32.4.3. Testing Standards
The testing standards checklist verifies the backend testing framework, writing patterns, coverage criteria, and test isolation level.
| No. | Item | Classification | Verification Method |
|---|---|---|---|
| 17 | JUnit 5 is used as the test framework | O | Verify dependencies in pom.xml |
| 18 | Tests are written using the Given-When-Then pattern | O | Test code review |
| 19 | Line coverage of 80% or above is achieved | O | JaCoCo report verification |
| 20 | Branch coverage of 70% or above is achieved | O | JaCoCo report verification |
| 21 | Each test is independently executable (no dependencies between tests) | O | Test code review |
| 22 | Test method names clearly express the test intent | O | Test code review |
| 23 | Testcontainers is used for integration testing | R | Verify dependencies in pom.xml and test code |
| 24 | Test data is managed independently per test (no shared data) | R | Test code review |
| 25 | Boundary value tests are included | R | Test code review |
Testing standards are a core area that ensures code reliability and maintainability. JUnit 5 and the Given-When-Then pattern ensure test readability and structure, and coverage criteria quantitatively verify test sufficiency.

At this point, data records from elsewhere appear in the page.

(* Let $\varphi\colon\mathcal{M}\to\mathcal{X}\subseteq\mathcal{E}$ be a smooth lift, where $\mathcal{M}$ is a smooth embedded submanifold of $\mathcal{E}'=\mathcal{E}_1\times\cdots\times\mathcal{E}_d$ (a product of Euclidean spaces) and $\varphi$ is defined on all of $\mathcal{E}'$ and is multilinear in its $d$ arguments. If $\mathcal{M}$ contains a point $(y_1,\dots,y_d)$ with $y_i=0$ for (at least) three indices $i$, and $0=\varphi(y_1,\dots,y_d)$ is not an isolated point of $\mathcal{X}$, then $\varphi$ does not satisfy "2 $\Rightarrow$ 1" at $(y_1,\dots,y_d)$.
   Context: $\mathcal{E}$ and $\mathcal{E}_i$ are finite-dimensional real inner product spaces; $\mathcal{X}=\varphi(\mathcal{M})$. Tangent cone $\mathrm{T}_x\mathcal{X}=\{\lim(x_i-x)/\tau_i: x_i\in\mathcal{X},\tau_i>0,\tau_i\to0\}$; $x$ is stationary for $f$ on $\mathcal{X}$ if $\langle\nabla f(x),v\rangle\ge0$ for all $v\in\mathrm{T}_x\mathcal{X}$. For $g=f\circ\varphi$, $y$ is 2-critical if $(g\circ c)'(0)=0$ and $(g\circ c)''(0)\ge0$ for all smooth curves $c$ in $\mathcal{M}$ with $c(0)=y$. "2 $\Rightarrow$ 1" at $y$: for every twice differentiable $f\colon\mathcal{E}\to\mathbb{R}$, if $y$ is 2-critical for $f\circ\varphi$ then $\varphi(y)$ is stationary for $f$ on $\mathcal{X}$. *)

theory Defs
  imports "HOL-Analysis.Analysis"
begin

fun pdiff :: "'a::euclidean_space list \<Rightarrow> ('a \<Rightarrow> 'b::real_normed_vector) \<Rightarrow> 'a \<Rightarrow> 'b" where
  "pdiff [] f = f"
| "pdiff (v # vs) f = (\<lambda>x. vector_derivative (\<lambda>t. pdiff vs f (x + t *\<^sub>R v)) (at 0))"

definition smooth_on :: "'a::euclidean_space set \<Rightarrow> ('a \<Rightarrow> 'b::real_normed_vector) \<Rightarrow> bool" where
  "smooth_on U f \<longleftrightarrow> open U \<and>
     (\<forall>vs. set vs \<subseteq> Basis \<longrightarrow>
        continuous_on U (pdiff vs f) \<and>
        (\<forall>x\<in>U. \<forall>v\<in>Basis.
           ((\<lambda>t. pdiff vs f (x + t *\<^sub>R v)) has_vector_derivative pdiff (v # vs) f x) (at 0)))"

definition grad :: "('a::euclidean_space \<Rightarrow> real) \<Rightarrow> 'a \<Rightarrow> 'a" where
  "grad f x = (\<Sum>b\<in>Basis. frechet_derivative f (at x) b *\<^sub>R b)"

definition embedded_submanifold :: "'a::euclidean_space set \<Rightarrow> bool" where
  "embedded_submanifold M \<longleftrightarrow>
     (\<forall>y\<in>M. \<exists>U k h. open U \<and> y \<in> U \<and>
        (\<forall>j<k. smooth_on U (h j :: 'a \<Rightarrow> real)) \<and>
        (\<forall>x\<in>U. \<forall>c::nat \<Rightarrow> real. (\<Sum>j<k. c j *\<^sub>R grad (h j) x) = 0 \<longrightarrow> (\<forall>j<k. c j = 0)) \<and>
        M \<inter> U = {x\<in>U. \<forall>j<k. h j x = 0})"

text \<open>E' is modelled as a Euclidean space whose orthonormal basis is partitioned into d blocks
  B 0, ..., B (d-1); the i-th factor E_i is the span of B i, and blk B i x is the i-th
  component of x.\<close>
definition block_structure :: "nat \<Rightarrow> (nat \<Rightarrow> 'a::euclidean_space set) \<Rightarrow> bool" where
  "block_structure d B \<longleftrightarrow> (\<forall>i<d. B i \<subseteq> Basis) \<and>
     (\<forall>i<d. \<forall>j<d. i \<noteq> j \<longrightarrow> B i \<inter> B j = {}) \<and> (\<Union>i<d. B i) = Basis"

definition blk :: "(nat \<Rightarrow> 'a::euclidean_space set) \<Rightarrow> nat \<Rightarrow> 'a \<Rightarrow> 'a" where
  "blk B i x = (\<Sum>b\<in>B i. (x \<bullet> b) *\<^sub>R b)"

definition multilinear :: "nat \<Rightarrow> (nat \<Rightarrow> 'a::euclidean_space set) \<Rightarrow> ('a \<Rightarrow> 'e::real_vector) \<Rightarrow> bool" where
  "multilinear d B \<phi> \<longleftrightarrow> (\<forall>i<d. \<forall>x. linear (\<lambda>v. \<phi> (x - blk B i x + blk B i v)))"

definition tangent_cone :: "'e::real_normed_vector set \<Rightarrow> 'e \<Rightarrow> 'e set" where
  "tangent_cone X x = {v. \<exists>xs \<tau>. (\<forall>i. xs i \<in> X) \<and> (\<forall>i. \<tau> i > (0::real)) \<and> \<tau> \<longlonglongrightarrow> 0 \<and>
                          (\<lambda>i. (xs i - x) /\<^sub>R \<tau> i) \<longlonglongrightarrow> v}"

definition stationary_on :: "('e::euclidean_space \<Rightarrow> real) \<Rightarrow> 'e set \<Rightarrow> 'e \<Rightarrow> bool" where
  "stationary_on f X x \<longleftrightarrow> (\<forall>v\<in>tangent_cone X x. grad f x \<bullet> v \<ge> 0)"

definition twice_differentiable :: "('e::euclidean_space \<Rightarrow> real) \<Rightarrow> bool" where
  "twice_differentiable f \<longleftrightarrow> (\<forall>x. f differentiable at x) \<and> (\<forall>x. grad f differentiable at x)"

definition two_critical :: "('a::euclidean_space \<Rightarrow> real) \<Rightarrow> 'a set \<Rightarrow> 'a \<Rightarrow> bool" where
  "two_critical g M y \<longleftrightarrow>
     (\<forall>c a b. a < 0 \<and> 0 < b \<and> smooth_on {a<..<b} (c :: real \<Rightarrow> 'a) \<and> c ` {a<..<b} \<subseteq> M \<and> c 0 = y
        \<longrightarrow> deriv (g \<circ> c) 0 = 0 \<and> deriv (deriv (g \<circ> c)) 0 \<ge> 0)"

definition two_implies_one :: "('a::euclidean_space \<Rightarrow> 'e::euclidean_space) \<Rightarrow> 'a set \<Rightarrow> 'a \<Rightarrow> bool" where
  "two_implies_one \<phi> M y \<longleftrightarrow>
     (\<forall>f :: 'e \<Rightarrow> real. twice_differentiable f \<longrightarrow> two_critical (f \<circ> \<phi>) M y
        \<longrightarrow> stationary_on f (\<phi> ` M) (\<phi> y))"

end

theory Submission
  imports Defs
begin

text \<open>
  Since 0 is not isolated in \<open>\<phi> ` M\<close>, there is a nonzero tangent vector \<open>v\<close> of \<open>\<phi> ` M\<close> at 0,
  and \<open>f x = \<langle>-v, x\<rangle>\<close> is not stationary there. Yet \<open>y\<close> is 2-critical for \<open>f \<circ> \<phi>\<close>:
  by multilinearity, the partial derivative of \<open>\<phi>\<close> along a basis vector \<open>b\<close> of block \<open>j\<close>
  is \<open>\<phi>\<close> with its \<open>j\<close>-th argument replaced by \<open>b\<close>, which is still bilinear in two other
  blocks \<open>i, k\<close> on which \<open>y\<close> vanishes. Along any \<open>C\<^sup>1\<close> curve \<open>c\<close> through \<open>y\<close> it is
  therefore \<open>o(t)\<close>, so the derivative of \<open>f \<circ> \<phi> \<circ> c\<close> is \<open>o(t)\<close>, and its first and second
  derivatives vanish at 0.
\<close>

lemma linear_blk: "linear (blk B i)"
  unfolding blk_def linear_iff
  by (simp add: inner_add_left scaleR_add_left sum.distrib scaleR_sum_right)

lemma continuous_on_blk: "continuous_on S (blk B i)"
  using linear_continuous_on linear_conv_bounded_linear linear_blk by blast

lemma tendsto_blk [tendsto_intros]: "(f \<longlongrightarrow> l) F \<Longrightarrow> ((\<lambda>x. blk B i (f x)) \<longlongrightarrow> blk B i l) F"
  using linear_blk linear_conv_bounded_linear bounded_linear.tendsto by blast

lemma inner_blk_Basis:
  assumes "B i \<subseteq> Basis" "b \<in> Basis"
  shows "blk B i z \<bullet> b = (if b \<in> B i then z \<bullet> b else 0)"
proof -
  have "blk B i z \<bullet> b = (\<Sum>b'\<in>B i. if b' = b then z \<bullet> b else 0)"
    unfolding blk_def inner_sum_left
    by (rule sum.cong) (use assms in \<open>auto simp: inner_Basis\<close>)
  also have "\<dots> = (if b \<in> B i then z \<bullet> b else 0)"
    using finite_subset[OF assms(1) finite_Basis] by simp
  finally show ?thesis .
qed

lemma inner_blk_in_block: "B i \<subseteq> Basis \<Longrightarrow> b \<in> B i \<Longrightarrow> blk B i z \<bullet> b = z \<bullet> b"
  by (metis inner_blk_Basis subsetD)

lemma blk_eqI: "(\<And>b. b \<in> B i \<Longrightarrow> x \<bullet> b = z \<bullet> b) \<Longrightarrow> blk B i x = blk B i z"
  unfolding blk_def by simp

lemma blk_blk: "B i \<subseteq> Basis \<Longrightarrow> blk B i (blk B i x) = blk B i x"
  by (metis blk_eqI inner_blk_in_block)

32.4.3.1. Testing Verification Detailed Criteria
Test coverage is measured based on JaCoCo reports. The following rules are applied when calculating coverage.
- Auto-generated code (jOOQ codegen, etc.) is excluded from coverage calculation.
- Configuration classes (
@Configuration) may be excluded from coverage calculation. - Simple data objects such as DTOs and VOs may be excluded from coverage calculation.
Compliance with the Given-When-Then pattern is verified through manual review. The structure of test methods must be clearly separated into preparation (Given), execution (When), and verification (Then) phases.
32.4.4. Item Summary
The total number of items and distribution by classification for the operations checklist are as follows.
| Area | Mandatory (O) | Recommended (R) | Optional (S) | Total |
|---|---|---|---|---|
| Configuration Management | 6 | 1 | 1 | 8 |
| CI/CD | 5 | 3 | 0 | 8 |
| Testing Standards | 6 | 3 | 0 | 9 |
| Total | 17 | 7 | 1 | 25 |
The operations checklist consists of a total of 25 items. All 17 mandatory items must be met to obtain Basic certification, and the compliance rate of the 7 recommended items determines whether the Advanced or Premier certification grade is achieved. The 1 optional item is not included in the certification grade calculation.
32.4.5. Operations Verification Notes
The following points must be observed when verifying the operations checklist.
- Configuration management items are verified by directly inspecting the project's GitHub repository. For private repositories, read access must be granted to the TQS Committee.
- CI/CD items are verified by examining both the pipeline configuration file and execution history. If only the configuration file exists without actual execution history, the item is judged as non-compliant.
- Testing standards items are verified through a combination of automated verification (coverage metrics) and manual review (test code quality).
- Commit history and PR history are verified based on activity within the most recent 3 months.